Nie ukrywam, że obawiam się ustawy wywłaszczeniowej – ustawy, która odbierze setkom tysięcy ludzi dorobek ich życia, czyli dom, w którym mieszkają. Nie, nie będzie to wywłaszczenie, „wprost” ale, de facto, wprowadzona tylnymi drzwiami ustawa wywłaszczeniowa w stylu chyba nawet gorszym niż za tow. Bieruta. Mam na myśli, grożący nam, podatek katastralny. Dziś, na skutek rozpasanego marnotrawstwa i niebywałego przerostu biurokracji samorządy lokalne kwiczą, że brakuje im pieniędzy i dlatego ten bandycki haracz chętnie wprowadziłyby już dziś. Z drugiej strony „Rząd” RP, czyli nasz okupant marnuje tak bajońskie sumy na utrzymanie legionów urzędasów – pasożytów, że chętnie pozbyłby się finansowania np. zadań celowych, na które musi wypłacać samorządom lokalnym pieniądze.
Co to jest podatek katastralny?

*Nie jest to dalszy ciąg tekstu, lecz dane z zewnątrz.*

lemma mat_tendsto_frob_norm:
  fixes Ys :: "nat \<Rightarrow> real mat"
  assumes "mat_tendsto q Ys L" "\<forall>k. Ys k \<in> carrier_mat q q" "L \<in> carrier_mat q q"
  shows "(\<lambda>k. frob_norm (Ys k - L)) \<longlonglongrightarrow> 0"
proof -
  have "(\<lambda>k. frob_norm (Ys k - L)) \<longlonglongrightarrow> frob_norm (L - L)"
    by (rule frob_norm_diff_tendsto[OF assms assms(3)])
  moreover have "frob_norm (L - L) = 0"
    using frob_norm_entries[of "L - L" q] assms(3) by auto
  ultimately show ?thesis by simp
qed

text \<open>Calmness only gives a local error bound near each zero of g; compactness of K turns it
  into a global one: a sequence violating the bound with constants k + 1 has a limit point,
  necessarily a zero of g, at which calmness fails.\<close>
lemma calm_global_error_bound:
  fixes K :: "real mat set" and g :: "real mat \<Rightarrow> real"
  assumes compact: "\<And>Ys :: nat \<Rightarrow> real mat. \<forall>k. Ys k \<in> K \<Longrightarrow> \<exists>r L. strict_mono r \<and> L \<in> K \<and> mat_tendsto q (Ys \<circ> r) L"
    and carrier: "K \<subseteq> carrier_mat q q"
    and nonneg: "\<And>Y. Y \<in> K \<Longrightarrow> 0 \<le> g Y"
    and zero_closed: "\<And>Ys L. \<forall>k. Ys k \<in> K \<Longrightarrow> L \<in> K \<Longrightarrow> mat_tendsto q Ys L \<Longrightarrow>
                        (\<lambda>k. g (Ys k)) \<longlonglongrightarrow> 0 \<Longrightarrow> g L = 0"
    and Z': "Z' \<in> K" "g Z' = 0"
    and calm: "\<And>L. L \<in> K \<Longrightarrow> g L = 0 \<Longrightarrow> calm_at (\<lambda>w. {Y \<in> K. g Y = w}) 0 L"
  shows "\<exists>\<kappa>>0. \<forall>Y\<in>K. \<exists>Z\<in>K. g Z = 0 \<and> frob_norm (Y - Z) \<le> \<kappa> * g Y"
proof (rule ccontr)
  assume "\<not> ?thesis"
  from error_bound_violation_seq[OF this] obtain Ys
    where "\<forall>k. Ys k \<in> K \<and> (\<forall>Z\<in>K. g Z = 0 \<longrightarrow> (real k + 1) * g (Ys k) < frob_norm (Ys k - Z))"
    by blast
  hence Ys: "\<And>k. Ys k \<in> K"
    and far: "\<And>k Z. Z \<in> K \<Longrightarrow> g Z = 0 \<Longrightarrow> (real k + 1) * g (Ys k) < frob_norm (Ys k - Z)"
    by blast+
  obtain r L where r: "strict_mono r" and L: "L \<in> K" and conv: "mat_tendsto q (Ys \<circ> r) L"
    using compact[of Ys] Ys by blast
  define Y' where "Y' = Ys \<circ> r"
  have Y': "\<forall>k. Y' k \<in> K" and Y'c: "\<forall>k. Y' k \<in> carrier_mat q q"
    using Ys carrier unfolding Y'_def by auto
  have "(\<lambda>k. frob_norm (Y' k - Z')) \<longlonglongrightarrow> frob_norm (L - Z')"
    using frob_norm_diff_tendsto[OF conv[folded Y'_def] Y'c] carrier L Z' by auto
  moreover have "(\<lambda>k. inverse (real (Suc (r k)))) \<longlonglongrightarrow> 0"
    using LIMSEQ_subseq_LIMSEQ[OF LIMSEQ_inverse_real_of_nat r] by (simp add: o_def)
  ultimately have "(\<lambda>k. frob_norm (Y' k - Z') * inverse (real (Suc (r k)))) \<longlonglongrightarrow> frob_norm (L - Z') * 0"
    by (rule tendsto_mult)
  hence bound0: "(\<lambda>k. frob_norm (Y' k - Z') * inverse (real (Suc (r k)))) \<longlonglongrightarrow> 0" by simp
  have bounds: "0 \<le> g (Y' k)" "g (Y' k) \<le> frob_norm (Y' k - Z') * inverse (real (Suc (r k)))" for k
    using nonneg[OF Y'[rule_format]] far[OF Z', of "r k"] by (simp_all add: Y'_def field_simps)
  have g0: "(\<lambda>k. g (Y' k)) \<longlonglongrightarrow> 0"
    by (rule real_tendsto_sandwich[OF _ _ tendsto_const bound0]) (use bounds in \<open>auto intro: always_eventually\<close>)
  have gL: "g L = 0" by (rule zero_closed[OF Y' L conv[folded Y'_def] g0])
  have dist: "(\<lambda>k. frob_norm (Y' k - L)) \<longlonglongrightarrow> 0"
    using mat_tendsto_frob_norm[OF conv[folded Y'_def] Y'c] carrier L by auto
  have mem: "Y' k \<in> {Y \<in> K. g Y = g (Y' k)}" for k using Y' by simp
  obtain \<alpha> where "\<forall>\<^sub>F k in sequentially. \<exists>Z\<in>{Y \<in> K. g Y = 0}. frob_norm (Y' k - Z) \<le> \<alpha> * \<bar>g (Y' k)\<bar>"
    by (rule calm_at_tendsto_error_bound[OF calm[OF L gL] g0 dist mem])
  then obtain N where N: "\<And>k. k \<ge> N \<Longrightarrow> \<exists>Z\<in>{Y \<in> K. g Y = 0}. frob_norm (Y' k - Z) \<le> \<alpha> * \<bar>g (Y' k)\<bar>"
    unfolding eventually_sequentially by blast
  obtain M :: nat where M: "\<alpha> \<le> real M" using real_arch_simple by blast
  define k where "k = max N M"
  obtain Z where Z: "Z \<in> K" "g Z = 0" and near: "frob_norm (Y' k - Z) \<le> \<alpha> * \<bar>g (Y' k)\<bar>"
    using N[of k] unfolding k_def by auto
  have abs_g: "\<bar>g (Y' k)\<bar> = g (Y' k)" using nonneg Y' by simp
  have "M \<le> r k" using seq_suble[OF r, of k] unfolding k_def by linarith
  hence "\<alpha> * g (Y' k) \<le> (real (r k) + 1) * g (Y' k)"
    using M nonneg Y' by (intro mult_right_mono) auto
  also have "\<dots> < frob_norm (Y' k - Z)" using far[OF Z] unfolding Y'_def by simp
  finally show False using near abs_g by simp
qed

lemma Omega_set_error_bound:
  assumes A: "linear_map_Sq q m A"
    and bounded: "\<exists>B. \<forall>Y \<in> Omega_set q A b. frob_norm Y \<le> B"
    and inter: "Omega_set q A b \<inter> rank_le1_set q \<noteq> {}"
    and calm: "\<forall>Y \<in> {Y \<in> Omega_set q A b. nuclear_norm Y - spectral_norm Y = 0}.
                 calm_at (\<lambda>w. {Y \<in> Omega_set q A b. nuclear_norm Y - spectral_norm Y = w}) 0 Y"
  shows "\<exists>\<kappa>>0. \<forall>Y\<in>Omega_set q A b. \<exists>Z\<in>Omega_set q A b.
           nuclear_norm Z - spectral_norm Z = 0 \<and> frob_norm (Y - Z) \<le> \<kappa> * (nuclear_norm Y - spectral_norm Y)"
proof -
  let ?O = "Omega_set q A b" and ?g = "\<lambda>Y. nuclear_norm Y - spectral_norm Y"
  obtain Z0 where Z0O: "Z0 \<in> ?O" and "Z0 \<in> rank_le1_set q" using inter by blast
  hence Z0: "Z0 \<in> ?O" "?g Z0 = 0" using Omega_set_rank_le1_iff[OF Z0O] by simp_all
  show ?thesis
  proof (rule calm_global_error_bound[where q = q and Z' = Z0])
    show "\<exists>r L. strict_mono r \<and> L \<in> ?O \<and> mat_tendsto q (Ys \<circ> r) L"
      if "\<forall>k. Ys k \<in> ?O" for Ys :: "nat \<Rightarrow> real mat"
      by (rule Omega_set_seq_compact[OF A bounded that])
    show "?g L = 0"
      if "\<forall>k. Ys k \<in> ?O" "L \<in> ?O" "mat_tendsto q Ys L" "(\<lambda>k. ?g (Ys k)) \<longlonglongrightarrow> 0" for Ys L
      by (rule psd_rank_gap_limit[OF _ Omega_set_psd[OF that(2)] that(3,4)]) (use that(1) Omega_set_psd in blast)
    show "calm_at (\<lambda>w. {Y \<in> ?O. ?g Y = w}) 0 L" if "L \<in> ?O" "?g L = 0" for L
      using calm that by blast
    show "?O \<subseteq> carrier_mat q q" using Omega_set_carrier by blast
    show "0 \<le> ?g Y" if "Y \<in> ?O" for Y
      using psd_spectral_norm_le_nuclear_norm[OF Omega_set_psd[OF that]] by simp
  qed (use Z0 in auto)
qed

lemma Omega_set_objective_error_bound:
  assumes A: "linear_map_Sq q m A"
    and bounded: "\<exists>B. \<forall>Y \<in> Omega_set q A b. frob_norm Y \<le> B"
    and inter: "Omega_set q A b \<inter> rank_le1_set q \<noteq> {}"
    and calm: "\<forall>Y \<in> {Y \<in> Omega_set q A b. nuclear_norm Y - spectral_norm Y = 0}.
                 calm_at (\<lambda>w. {Y \<in> Omega_set q A b. nuclear_norm Y - spectral_norm Y = w}) 0 Y"
    and C: "C \<in> carrier_mat q q"
  obtains c where "0 \<le> c"
    and "\<And>Y. Y \<in> Omega_set q A b \<Longrightarrow> \<exists>Z\<in>Omega_set q A b. nuclear_norm Z - spectral_norm Z = 0 \<and>
           trace_inner C Z \<le> trace_inner C Y + c * (nuclear_norm Y - spectral_norm Y)"
proof -
  let ?O = "Omega_set q A b" and ?g = "\<lambda>Y. nuclear_norm Y - spectral_norm Y"
  obtain \<kappa> where "\<kappa> > 0" and eb: "\<forall>Y\<in>?O. \<exists>Z\<in>?O. ?g Z = 0 \<and> frob_norm (Y - Z) \<le> \<kappa> * ?g Y"
    using Omega_set_error_bound[OF A bounded inter calm] by blast
  define c where "c = (\<Sum>i<q. \<Sum>r<q. \<bar>C $$ (r,i)\<bar>) * \<kappa>"
  have "0 \<le> c" unfolding c_def using \<open>\<kappa> > 0\<close> by (simp add: sum_nonneg)
  moreover have "\<exists>Z\<in>?O. ?g Z = 0 \<and> trace_inner C Z \<le> trace_inner C Y + c * ?g Y" if Y: "Y \<in> ?O" for Y
  proof -
    obtain Z where Z: "Z \<in> ?O" "?g Z = 0" "frob_norm (Y - Z) \<le> \<kappa> * ?g Y" using eb Y by blast
    have "trace_inner C Z \<le> trace_inner C Y + (\<Sum>i<q. \<Sum>r<q. \<bar>C $$ (r,i)\<bar>) * frob_norm (Y - Z)"
      by (rule trace_inner_lipschitz[OF C Omega_set_carrier[OF Y] Omega_set_carrier[OF Z(1)]])
    also have "\<dots> \<le> trace_inner C Y + c * ?g Y"
      using Z(3) unfolding c_def mult.assoc by (intro add_left_mono mult_left_mono) (auto intro: sum_nonneg)
    finally show ?thesis using Z by blast
  qed
  ultimately show ?thesis by (rule that)
qed

lemma exact_penalty:
  fixes f g :: "real mat \<Rightarrow> real"
  assumes nonneg: "\<And>Y. Y \<in> K \<Longrightarrow> 0 \<le> g Y"
    and error: "\<And>Y. Y \<in> K \<Longrightarrow> \<exists>Z\<in>K. g Z = 0 \<and> f Z \<le> f Y + c * g Y"
    and rho: "c < \<rho>"
  shows "is_min_on f {Y \<in> K. g Y = 0} Ystar \<longleftrightarrow> is_min_on (\<lambda>Y. f Y + \<rho> * g Y) K Ystar"
proof
  assume "is_min_on f {Y \<in> K. g Y = 0} Ystar"
  hence Ys: "Ystar \<in> K" "g Ystar = 0" and minimal: "\<And>Z. Z \<in> K \<Longrightarrow> g Z = 0 \<Longrightarrow> f Ystar \<le> f Z"
    unfolding is_min_on_def by auto
  have "f Ystar + \<rho> * g Ystar \<le> f Y + \<rho> * g Y" if Y: "Y \<in> K" for Y
  proof -
    obtain Z where Z: "Z \<in> K" "g Z = 0" "f Z \<le> f Y + c * g Y" using error[OF Y] by blast
    have "f Ystar \<le> f Y + c * g Y" using minimal[OF Z(1,2)] Z(3) by simp
    also have "\<dots> \<le> f Y + \<rho> * g Y" using rho nonneg[OF Y] by (intro add_left_mono mult_right_mono) auto
    finally show ?thesis using Ys by simp
  qed
  thus "is_min_on (\<lambda>Y. f Y + \<rho> * g Y) K Ystar" unfolding is_min_on_def using Ys by blast
next
  assume "is_min_on (\<lambda>Y. f Y + \<rho> * g Y) K Ystar"
  hence Ys: "Ystar \<in> K" and minimal: "\<And>Z. Z \<in> K \<Longrightarrow> f Ystar + \<rho> * g Ystar \<le> f Z + \<rho> * g Z"
    unfolding is_min_on_def by auto
  obtain Z where Z: "Z \<in> K" "g Z = 0" "f Z \<le> f Ystar + c * g Ystar" using error[OF Ys] by blast
  have "f Ystar + \<rho> * g Ystar \<le> f Ystar + c * g Ystar" using minimal[OF Z(1)] Z(2,3) by simp
  hence "(\<rho> - c) * g Ystar \<le> 0" by (simp add: algebra_simps)
  hence g0: "g Ystar = 0" using rho nonneg[OF Ys] by (simp add: mult_le_0_iff)
  have "f Ystar \<le> f Z'" if "Z' \<in> K" "g Z' = 0" for Z'
    using minimal[OF that(1)] that(2) g0 by simp
  thus "is_min_on f {Y \<in> K. g Y = 0} Ystar" unfolding is_min_on_def using Ys g0 by blast
qed

theorem proposition2:
  fixes q m :: nat and Cbar :: "real mat" and A :: "real mat \<Rightarrow> real vec" and b :: "real vec"
  assumes Cbar: "Cbar \<in> symm_mats q"
    and A: "linear_map_Sq q m A"
    and b: "b \<in> carrier_vec m"
    and nonempty: "Omega_set q A b \<noteq> {}"
    and bounded: "\<exists>B. \<forall>Y \<in> Omega_set q A b. frob_norm Y \<le> B"
    and inter: "Omega_set q A b \<inter> rank_le1_set q \<noteq> {}"
    and calm: "\<forall>Y \<in> {Y \<in> Omega_set q A b. nuclear_norm Y - spectral_norm Y = 0}.
                 calm_at (\<lambda>w. {Y \<in> Omega_set q A b. nuclear_norm Y - spectral_norm Y = w}) 0 Y"
  shows "\<exists>\<rho>b>0. \<forall>\<rho>>\<rho>b. \<forall>Ystar.
           is_min_on (\<lambda>Y. trace_inner Cbar Y) (Omega_set q A b \<inter> rank_le1_set q) Ystar
           \<longleftrightarrow> is_min_on (\<lambda>Y. trace_inner Cbar Y + \<rho> * (nuclear_norm Y - spectral_norm Y))
                 (Omega_set q A b) Ystar"
proof -
  let ?O = "Omega_set q A b" and ?g = "\<lambda>Y. nuclear_norm Y - spectral_norm Y"
  have Cc: "Cbar \<in> carrier_mat q q" using Cbar unfolding symm_mats_def by simp
  have gnn: "\<And>Y. Y \<in> ?O \<Longrightarrow> 0 \<le> ?g Y"
    using psd_spectral_norm_le_nuclear_norm[OF Omega_set_psd] by simp
  have zero_set: "{Y \<in> ?O. ?g Y = 0} = ?O \<inter> rank_le1_set q" by (auto simp: Omega_set_rank_le1_iff)
  show ?thesis
  proof (rule Omega_set_objective_error_bound[OF A bounded inter calm Cc])
    fix c assume "0 \<le> c"
      and error: "\<And>Y. Y \<in> ?O \<Longrightarrow> \<exists>Z\<in>?O. ?g Z = 0 \<and> trace_inner Cbar Z \<le> trace_inner Cbar Y + c * ?g Y"
    have penalty: "is_min_on (\<lambda>Y. trace_inner Cbar Y) (?O \<inter> rank_le1_set q) Ystar
        \<longleftrightarrow> is_min_on (\<lambda>Y. trace_inner Cbar Y + \<rho> * ?g Y) ?O Ystar" if "c + 1 < \<rho>" for \<rho> Ystar
    proof -
      have "c < \<rho>" using that by simp
      from exact_penalty[OF gnn error this] show ?thesis unfolding zero_set .
    qed
    show ?thesis
    proof (intro exI[of _ "c + 1"] conjI allI impI)
      show "0 < c + 1" using \<open>0 \<le> c\<close> by simp
    qed (rule penalty)
  qed
qed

Jest to podatek od wartości nieruchomości. Zwykle wynosi 1 – 2%. Zobaczmy jak to działa na przykładzie cen nieruchomości w Puszczykowie. Dziś, nie sposób, kupić tu domu w cenie poniżej pół miliona złotych. A więc przy „łagodniejszej” stawce podatku katastralnego właściciele takiego domu musieliby płacić urzędasom pięć tysięcy złotych rocznie – czterysta szesnaście miesięcznie. Bomba! A są to często mało majętni ludzie, emeryci, którzy już dziś oszczędzają przez całe lato pieniądze, żeby mieć, czym zapłacić za gaz (opał) w zimowych miesiącach. Zaznaczam, że obliczyłem stawkę tego podatku na możliwie niskim poziomie – 1 % a ta może być większa. Podkreślam też, że nieruchomość wyceniłem taniutko – pół miliona a w mieście takim jak Puszczykowo są one, zwykle, wielokrotnie droższe. Obawiam się, że reżimowe rządy, prędzej czy później, wprowadzą ten bandycki podatek skazując setki tysięcy najbiedniejszych ludzi na poniewierkę i bezdomność. A może wywołają rewolucję (pardon – kontrrewolucję!), która zmiecie tych bandytów z powierzchni Matki Ziemi.
A w Puszczykówku?
Nie wiem, po co ale spadł śnieg i rano miałem gimnastykę z szuflą na chodniku przed moim domem. Zabawnie było wczoraj! Przed laty wdarła się na moją posesję, urzędaska, która roznosiła pisma z informacją o wysokości podatku od nieruchomości – suka dostała taki wycisk, że odtąd przysyłano mi tę informacje pocztą. Ale widać już o sprawie zapomniano, bo wczoraj wdarł się na moją posesję wysłannik Urzędu Miejskiego w tej samej sprawie. Mało tego! Na zwróconą mu (grzecznie) uwagę odpowiedział stekiem wyzwisk. Zabawnie potem wyglądał stojąc na ulicy z głupią miną i… rozkwaszonym nosem… 😀
Co ciekawe: listonsze, inkasenci z gazowni, wodociągów, energetyki, którzy odwiedzają mój dom częścej niż siepacze z Urzędu Miasta nigdy, ale to NIGDY (!!) nie wchodzą na posesję bez mojej zgody. Dzwonią i czekają przy furtce, żeby ich wpuścić.